SOURCE RECORDS:
(* Let $(B_i)_{i}$ be a family of open horoballs in $\mathbb{H}_m$ with pairwise disjoint closures, and let $Q=\bigcup_iB_i$. Then (1) ${\sf{dist}}_{Q^c}$ is a distance on $\mathbb{H}_m\setminus Q$ (i.e., it takes only finite values); (2) for every index $i$ and all $x,y\in\partial B_i$, ${\sf{dist}}_{Q^c}(x,y)={\sf{dist}}_{\partial B_i}(x,y)$.
   Context: $\mathbb{H}_m$ ($m$ possibly infinite) is the hyperbolic space with distance ${\sf{dist}}$. For a subset $W$ of a metric space $(X,d)$ and $x,y\notin W$, ${\sf{dist}}_{W^c}(x,y)=\sup_{\varepsilon>0}\inf\{\sum_{i=0}^{n-1}d(x_i,x_{i+1})\}$ over chains $x_0=x,\dots,x_n=y$ in $X\setminus W$ with $d(x_i,x_{i+1})\le\varepsilon$; for $Y\subset X$, ${\sf{dist}}_Y$ denotes the induced intrinsic distance on $Y$. An open horoball is a set $\{v:0<\langle v|\xi\rangle<\epsilon\}$ with $\xi$ isotropic, $\epsilon>0$. *)

theory Defs
  imports "HOL-Analysis.Analysis"
begin

text \<open>Minkowski space R^{1,m} modelled as real x H with H a real Hilbert space
  (H of any dimension, finite or infinite). Bilinear form of signature (1,m).\<close>

definition mink :: "real \<times> 'a::real_inner \<Rightarrow> real \<times> 'a \<Rightarrow> real" where
  "mink v w = fst v * fst w - inner (snd v) (snd w)"

definition hyp_space :: "(real \<times> 'a::{real_inner,complete_space}) set" where
  "hyp_space = {v. mink v v = 1 \<and> fst v > 0}"

definition hdist :: "real \<times> 'a::real_inner \<Rightarrow> real \<times> 'a \<Rightarrow> real" where
  "hdist v w = arcosh (mink v w)"

definition isotropic :: "real \<times> 'a::real_inner \<Rightarrow> bool" where
  "isotropic \<xi> \<longleftrightarrow> \<xi> \<noteq> 0 \<and> mink \<xi> \<xi> = 0"

definition open_horoball :: "(real \<times> 'a::{real_inner,complete_space}) set \<Rightarrow> bool" where
  "open_horoball B \<longleftrightarrow> (\<exists>\<xi> e. isotropic \<xi> \<and> e > 0 \<and>
      B = {v \<in> hyp_space. 0 < mink v \<xi> \<and> mink v \<xi> < e})"

definition hclosure :: "(real \<times> 'a::{real_inner,complete_space}) set \<Rightarrow> (real \<times> 'a) set" where
  "hclosure A = {x \<in> hyp_space. \<forall>e>0. \<exists>y\<in>A. hdist x y < e}"

definition hboundary :: "(real \<times> 'a::{real_inner,complete_space}) set \<Rightarrow> (real \<times> 'a) set" where
  "hboundary A = hclosure A \<inter> hclosure (hyp_space - A)"

text \<open>Chain (intrinsic) distance on a subset S of a metric space with distance d:
  sup over eps>0 of inf of lengths of eps-chains from x to y lying in S
  (an infimum over the empty set is +infinity).\<close>
definition chain_dist :: "('p \<Rightarrow> 'p \<Rightarrow> real) \<Rightarrow> 'p set \<Rightarrow> 'p \<Rightarrow> 'p \<Rightarrow> ereal" where
  "chain_dist d S x y =
     (SUP eps\<in>{0<..}. INF L \<in> {(\<Sum>i<n. d (p i) (p (Suc i))) | p n.
          p 0 = x \<and> p n = y \<and> (\<forall>i\<le>n. p i \<in> S) \<and> (\<forall>i<n. d (p i) (p (Suc i)) \<le> eps)}.
        ereal L)"

end

theory Submission
  imports Defs
begin

text \<open>
  For a horoball \<open>{v. 0 < \<langle>v|\<xi>\<rangle> < e}\<close>, sliding each point along the geodesic through \<open>\<xi>\<close>
  until \<open>\<langle>v|\<xi>\<rangle> = e\<close> projects hyperbolic space onto the bounding horosphere. By the Busemann
  inequality \<open>\<langle>v|\<xi>\<rangle>\<^sup>2 + \<langle>w|\<xi>\<rangle>\<^sup>2 \<le> 2 \<langle>v|\<xi>\<rangle> \<langle>w|\<xi>\<rangle> \<langle>v|w\<rangle>\<close> this projection
  does not increase distances between points outside the horoball, and it is Lipschitz on
  bounded sets. Since the closures of the horoballs are disjoint, each horosphere \<open>\<partial>B\<^sub>i\<close> lies
  in the complement of \<open>Q\<close>; so projecting chains in the complement onto \<open>\<partial>B\<^sub>i\<close> gives (2).
  Retracting every horoball onto its horosphere gives a map onto the complement of \<open>Q\<close> that is
  Lipschitz on bounded sets; applied to a finely subdivided geodesic from \<open>x\<close> to \<open>y\<close> it
  produces arbitrarily fine chains in the complement of bounded length, which gives (1).
\<close>

section \<open>The Minkowski form\<close>

lemma mink_sym: "mink v w = mink w v"
  by (simp add: mink_def inner_commute)

lemma mink_add_left: "mink (v + w) u = mink v u + mink w u"
  by (simp add: mink_def inner_add_left algebra_simps)

lemma mink_add_right: "mink u (v + w) = mink u v + mink u w"
  by (simp add: mink_def inner_add_right algebra_simps)

lemma mink_diff_left: "mink (v - w) u = mink v u - mink w u"
  by (simp add: mink_def inner_diff_left algebra_simps)

lemma mink_diff_right: "mink u (v - w) = mink u v - mink u w"
  by (simp add: mink_def inner_diff_right algebra_simps)

lemma mink_scaleR_left: "mink (r *\<^sub>R v) u = r * mink v u"
  by (simp add: mink_def algebra_simps)

lemma mink_scaleR_right: "mink u (r *\<^sub>R v) = r * mink u v"
  by (simp add: mink_def algebra_simps)

lemma mink_minus_left: "mink (- v) u = - mink v u"
  by (simp add: mink_def)

lemmas mink_simps = mink_add_left mink_add_right mink_diff_left mink_diff_right
  mink_scaleR_left mink_scaleR_right mink_minus_left

lemma mink_self_nonpos_if_orthogonal:
  fixes p y :: "real \<times> 'a::real_inner"
  assumes "snd y \<bullet> snd y \<le> (fst y)\<^sup>2" "fst y \<noteq> 0" "mink p y = 0"
  shows "mink p p \<le> 0"
proof -
  have e: "fst p * fst y = snd p \<bullet> snd y" using assms(3) by (simp add: mink_def)
  have "(fst p * fst y)\<^sup>2 \<le> (snd p \<bullet> snd p) * (snd y \<bullet> snd y)"
    unfolding e by (rule Cauchy_Schwarz_ineq)
  also have "\<dots> \<le> (snd p \<bullet> snd p) * (fst y)\<^sup>2"
    by (rule mult_left_mono[OF assms(1)]) simp
  finally have "(fst p)\<^sup>2 * (fst y)\<^sup>2 \<le> (snd p \<bullet> snd p) * (fst y)\<^sup>2"
    by (simp add: power_mult_distrib)
  hence "(fst p)\<^sup>2 \<le> snd p \<bullet> snd p" using assms(2) by simp
  thus ?thesis by (simp add: mink_def power2_eq_square)
qed

lemma hyp_space_snd_inner_le: "v \<in> hyp_space \<Longrightarrow> snd v \<bullet> snd v \<le> (fst v)\<^sup>2"
  by (simp add: hyp_space_def mink_def power2_eq_square)

lemma mink_self_hyp_space: "v \<in> hyp_space \<Longrightarrow> mink v v = 1"
  by (simp add: hyp_space_def)

lemma mink_hyp_space_ge_1:
  assumes "v \<in> hyp_space" "w \<in> hyp_space"
  shows "1 \<le> mink v w"
proof -
  define a where "a = norm (snd v)"
  define b where "b = norm (snd w)"
  have v: "(fst v)\<^sup>2 = 1 + a\<^sup>2" and w: "(fst w)\<^sup>2 = 1 + b\<^sup>2"
  proof -
    have "a\<^sup>2 = snd v \<bullet> snd v" "b\<^sup>2 = snd w \<bullet> snd w"
      by (simp_all add: a_def b_def power2_norm_eq_inner)
    thus "(fst v)\<^sup>2 = 1 + a\<^sup>2" "(fst w)\<^sup>2 = 1 + b\<^sup>2"
      using assms by (auto simp: hyp_space_def mink_def power2_eq_square)
  qed
  have pos: "fst v > 0" "fst w > 0" using assms by (auto simp: hyp_space_def)
  have "(fst v * fst w)\<^sup>2 - (1 + a * b)\<^sup>2 = (a - b)\<^sup>2"
    unfolding power_mult_distrib v w by (simp add: algebra_simps power2_eq_square)
  hence "(1 + a * b)\<^sup>2 \<le> (fst v * fst w)\<^sup>2" using zero_le_power2[of "a - b"] by linarith
  hence "1 + a * b \<le> fst v * fst w"
    by (rule power2_le_imp_le) (use pos in auto)
  moreover have "snd v \<bullet> snd w \<le> a * b" unfolding a_def b_def by (rule norm_cauchy_schwarz)
  ultimately show ?thesis by (simp add: mink_def)
qed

DESCRIPTION OF THE TASK: The answer is the run of lines above from the line containing "isotropic, $\epsilon>0$. *)" through the line containing "(H of any dimension, finite", copied exactly and alone.

EXERCISE ANSWER:
   Context: $\mathbb{H}_m$ ($m$ possibly infinite) is the hyperbolic space with distance ${\sf{dist}}$. For a subset $W$ of a metric space $(X,d)$ and $x,y\notin W$, ${\sf{dist}}_{W^c}(x,y)=\sup_{\varepsilon>0}\inf\{\sum_{i=0}^{n-1}d(x_i,x_{i+1})\}$ over chains $x_0=x,\dots,x_n=y$ in $X\setminus W$ with $d(x_i,x_{i+1})\le\varepsilon$; for $Y\subset X$, ${\sf{dist}}_Y$ denotes the induced intrinsic distance on $Y$. An open horoball is a set $\{v:0<\langle v|\xi\rangle<\epsilon\}$ with $\xi$ isotropic, $\epsilon>0$. *)

theory Defs
  imports "HOL-Analysis.Analysis"
begin

text \<open>Minkowski space R^{1,m} modelled as real x H with H a real Hilbert space
  (H of any dimension, finite or infinite). Bilinear form of signature (1,m).\<close>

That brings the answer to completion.